X(6), X(13), X(14), X(1379), X(1380), X(39641), X(39642) isogonal conjugate of X(10221) infinite points of K102 Ω1, Ω2 : Brocard points A2, B2, C2 : vertices of the second Brocard triangle A', B', C' : vertices of the cevian triangle of X(6) other points below 

Q157 is an example of curve that passes through the RescassolSkoubidou points mentioned in page K003. The isogonal transform of Q157 is the circular quartic Q158. Q157 is a circular quintic with three real asymptotes parallel to those of the Grebe cubic K102 and two imaginary asymptotes passing through X(182), the center of the Brocard circle.
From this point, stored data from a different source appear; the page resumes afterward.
lemma tendsto_div_ln_sandwich:
  fixes f :: "real \<Rightarrow> real" and g :: "nat \<Rightarrow> real"
  assumes lim: "((\<lambda>R. f R / ln R) \<longlongrightarrow> L) at_top" and a: "a > 0" and b: "b > 0"
    and bounds: "eventually (\<lambda>n. f (a * real n) \<le> g n \<and> g n \<le> f (b * real n)) sequentially"
  shows "(\<lambda>n. g n / ln (real n)) \<longlonglongrightarrow> L"
proof -
  have scaled: "(\<lambda>n. f (c * real n) / ln (c * real n) * (ln (c * real n) / ln (real n))) \<longlonglongrightarrow> L * 1"
    and large: "eventually (\<lambda>n. 1 < c * real n) sequentially" if "c > 0" for c
  proof -
    have c: "filterlim (\<lambda>n. c * real n) at_top sequentially"
      using that by (intro filterlim_tendsto_pos_mult_at_top[OF tendsto_const _ filterlim_real_sequentially])
    then show "(\<lambda>n. f (c * real n) / ln (c * real n) * (ln (c * real n) / ln (real n))) \<longlonglongrightarrow> L * 1"
      using that by (intro tendsto_mult filterlim_compose[OF lim] tendsto_ln_scaled_div_ln)
    show "eventually (\<lambda>n. 1 < c * real n) sequentially"
      using c by (simp add: filterlim_at_top_dense)
  qed
  have "(\<lambda>n. g n / ln (real n)) \<longlonglongrightarrow> L * 1"
  proof (rule tendsto_sandwich[OF _ _ scaled[OF a] scaled[OF b]])
    show "eventually (\<lambda>n. f (a * real n) / ln (a * real n) * (ln (a * real n) / ln (real n)) \<le> g n / ln (real n)) sequentially"
      using bounds large[OF a] eventually_gt_at_top[of "1::nat"]
    proof eventually_elim
      case (elim n)
      then have "ln (a * real n) > 0" "ln (real n) > 0" by auto
      then show ?case using elim by (simp add: divide_right_mono)
    qed
    show "eventually (\<lambda>n. g n / ln (real n) \<le> f (b * real n) / ln (b * real n) * (ln (b * real n) / ln (real n))) sequentially"
      using bounds large[OF b] eventually_gt_at_top[of "1::nat"]
    proof eventually_elim
      case (elim n)
      then have "ln (b * real n) > 0" "ln (real n) > 0" by auto
      then show ?case using elim by (simp add: divide_right_mono)
    qed
  qed
  then show ?thesis by simp
qed

section \<open>Power-law tails\<close>

locale power_tail_marks =
  fixes Q :: "real measure" and \<alpha> \<beta> s :: real
  assumes prob_space_Q: "prob_space Q" and sets_Q: "sets Q = sets borel"
    and Q_nonneg: "emeasure Q {..<0} = 0"
    and Q_ac: "absolutely_continuous lborel Q"
    and \<beta>_pos: "\<beta> > 0" and s_pos: "s > 0"
    and tail: "((\<lambda>h. h powr s * measure Q {h<..}) \<longlongrightarrow> \<beta>) at_top"
    and \<alpha>_pos: "\<alpha> > 0"
begin

interpretation Q: prob_space Q by (rule prob_space_Q)

definition survival :: "real \<Rightarrow> real" where
  "survival t = measure Q {t..}"

lemma survival_nonneg: "survival t \<ge> 0"
  by (simp add: survival_def)

lemma survival_le_1: "survival t \<le> 1"
  by (simp add: survival_def)

lemma survival_eq_greaterThan: "survival t = measure Q {t<..}"
proof -
  have "{t} \<in> null_sets lborel" by (simp add: null_sets_def)
  then have null: "{t} \<in> null_sets Q"
    using Q_ac by (auto simp: absolutely_continuous_def)
  have "{t..} = {t<..} \<union> {t}" by auto
  then show ?thesis
    unfolding survival_def using measure_Un_null_set[OF _ null, of "{t<..}"] sets_Q by simp
qed

lemma survival_antimono: "x \<le> y \<Longrightarrow> survival y \<le> survival x"
  unfolding survival_def using sets_Q by (intro Q.finite_measure_mono) auto

lemma borel_measurable_survival[measurable]: "survival \<in> borel_measurable borel"
proof -
  have "mono (\<lambda>t. - survival t)"
    by (auto simp: mono_def survival_antimono)
  then have "(\<lambda>t. - (- survival t)) \<in> borel_measurable borel"
    by (intro borel_measurable_uminus borel_measurable_mono)
  then show ?thesis by simp
qed

lemma tendsto_powr_survival: "((\<lambda>t. t powr s * survival t) \<longlongrightarrow> \<beta>) at_top"
  using tail by (simp add: survival_eq_greaterThan)

lemma powr_survival_bounded:
  obtains C where "C > 0" "\<And>t. t \<ge> 0 \<Longrightarrow> t powr s * survival t \<le> C"
proof -
  have "eventually (\<lambda>t. t powr s * survival t < \<beta> + 1) at_top"
    using tendsto_powr_survival by (rule order_tendstoD) simp
  then obtain T where T: "\<And>t. t \<ge> T \<Longrightarrow> t powr s * survival t < \<beta> + 1"
    by (auto simp: eventually_at_top_linorder)
  have "t powr s * survival t \<le> max (\<beta> + 1) (max T 0 powr s)" if "t \<ge> 0" for t
  proof (cases "t \<ge> T")
    case False
    have "t powr s * survival t \<le> t powr s"
      using survival_le_1 survival_nonneg by (simp add: mult_left_le)
    also have "\<dots> \<le> max T 0 powr s"
      using False that s_pos by (intro powr_mono2) auto
    finally show ?thesis by simp
  qed (use T in force)
  then show ?thesis
    using \<beta>_pos by (intro that[of "max (\<beta> + 1) (max T 0 powr s)"]) auto
qed

definition weight :: "real \<Rightarrow> real" where
  "weight t = t powr \<alpha> * survival t"

lemma weight_nonneg: "weight t \<ge> 0"
  by (simp add: weight_def survival_nonneg)

lemma borel_measurable_weight[measurable]: "weight \<in> borel_measurable borel"
  unfolding weight_def by measurable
A, B, C are three nodes on the curve with nodal tangents the bisectors of ABC. It follows that Q157 meets these six bisectors at six pairs of points, each pair on one bisector. These 12 points form 3 groups of 4 points and 4 points lie on a rectangular circumhyperbola whose center is a midpoint of ABC. These hyperbolas are the isogonal transforms of the perpendicular bisectors of ABC. Q157 meets the Brocard axis at X(6), X(1379), X(1380) and the imaginary foci X(39641), X(39642) of the Brocard ellipse. These latter points lie on the Kiepert hyperbola and on K003. Q157 meets the focal axis X(39)X(512) of the Brocard ellipse at the Brocard points Ω1, Ω2 and three (not always all real) other points which lie on the three cubics pK(X9468, X6), pK(X14251, X694), pK(X694^2, X694^2 ÷ X6). These cubics are in a same pencil which contains the union of the focal axis and the circumconic passing through G and K. Q157 meets the Fermat axis at X(6), X(13), X(14) and two other points on the circumconic with perspector X(50), passing through X(54), X(110). This is the isogonal transform of the perpendicular bisector of OH. *** A related cubic The locus of P whose polar conic in Q157 is a rectangular hyperbola (i.e. the Laplacian of Q157) is a circumcubic (K) with three asymptotes concuring at X(40108), the complement of X(7697). These asymptotes are parallel to those of pK(X6, X576). This cubic (K) meets (O) at the same points as pK(X6, X40107), where X(40107) is the complement of X(576). Recall that the polar conics of A, B, C are decomposed into the pairs of bisectors of ABC.